A few short months after the passing of Brian Gleason, IHUC peaked during a Regional semifinal match up against the reigning National Champions, the Wisconsin Hodags. Wisconsin took a commanding lead, but using a 2–4–1 zone defense often referred to as the Iowa Zone, Iowa was able to stifle Wisconsin's prolific offense, leading to an 8–0 run. This brought the game to Double Game Point, meaning the next team to score wins. While all this was going on, spectators from all over the tournament flocked to see the potential upset in the making. Hundreds of fans lined the playing field. The cold April weather of Decorah, Iowa proved to cause issues for both teams, and the final point saw numerous turnovers going both ways. However, in the end, Wisconsin came out on top on their way to a second straight National Championship.

2013 Regionals vs. Minnesota[edit]

Minnesota was the top ranked team in the country going into Regionals,[9] while Iowa was winding down a disappointing season after losing many of the players that had led them to nationals in previous years. The game was played in Cedar Falls, Iowa, a location IHUC had played in many times. It had rained significantly the night before,[10] which left the fields muddy and laden with puddles. Iowa had played in similar conditions at several tournaments that season and was well prepared for the slower pace of play; this in contrast to Minnesota who had the false luck of playing in nice weather all season.[11]
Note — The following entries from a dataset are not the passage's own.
lemma euler_Cnk:
  assumes f: "f \<in> Cnk scale G n k" and len: "length xs = n"
  shows "euler scale G (f xs) = (\<Sum>i<n. f (xs[i := euler scale G (xs ! i)])) + scale (of_int k) (f xs)"
proof -
  define F where "F xs = euler scale G (f xs) - (\<Sum>i<n. f (xs[i := euler scale G (xs ! i)]))
    - scale (of_int k) (f xs)" for xs
  have f_add: "multiadditive n f"
    using f by (rule multiadditive_Cnk)
  have "multiadditive n (\<lambda>xs. euler scale G (f xs))"
    by (rule multiadditive_comp[OF euler_add f_add])
  moreover have "multiadditive n (\<lambda>xs. \<Sum>i<n. f (xs[i := euler scale G (xs ! i)]))"
    by (rule multiadditive_sum, rule multiadditive_update[OF euler_add f_add])
  moreover have "multiadditive n (\<lambda>xs. scale (of_int k) (f xs))"
    by (rule multiadditive_comp[OF scale_right_distrib f_add])
  ultimately have "multiadditive n F"
    unfolding F_def by (intro multiadditive_diff)
  moreover have "F xs = 0" if l: "length xs = n" "length ds = n" and h: "\<forall>j<n. xs ! j \<in> G (ds ! j)" for xs ds
  proof -
    have "f (xs[i := euler scale G (xs ! i)]) = scale (of_int (ds ! i)) (f xs)" if "i < n" for i
      using Cnk_update_scale[OF f l(1) that] euler_homogeneous[of "xs ! i" "ds ! i"] h that by simp
    then have "(\<Sum>i<n. f (xs[i := euler scale G (xs ! i)])) = scale (of_int (sum_list ds)) (f xs)"
      using l(2) by (simp add: scale_sum_left sum_list_sum_nth lessThan_atLeast0)
    moreover have "euler scale G (f xs) = scale (of_int (sum_list ds + k)) (f xs)"
      using euler_homogeneous Cnk_in_G[OF f l h] by blast
    ultimately show ?thesis
      unfolding F_def by (simp add: scale_left_distrib)
  qed
  ultimately have "F xs = 0"
    using multiadditive_eq_0_if_homogeneous len by blast
  then show ?thesis
    unfolding F_def diff_diff_eq right_minus_eq .
qed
The game was a back and forth affair, with both teams leading at various points throughout. Minnesota took half 8–6. After halftime, Iowa began a strategy of tighter dump defense which made it more difficult for the handlers to get open for resets. Minnesota eventually managed to take a lead of 12–11 in a game to 14. However, Iowa would score the final three points to win on soft cap, 14–12.[12]

Brian Gleason[edit]

In January of 2008 team captain, Brian Gleason, tragically died in a car accident.[13] Gleason was the embodiment of what IHUC stands for: enthusiasm, dedication, and relentless work ethic, both on and off the field. To this day the team wears a #16 on the left sleeve in his honor.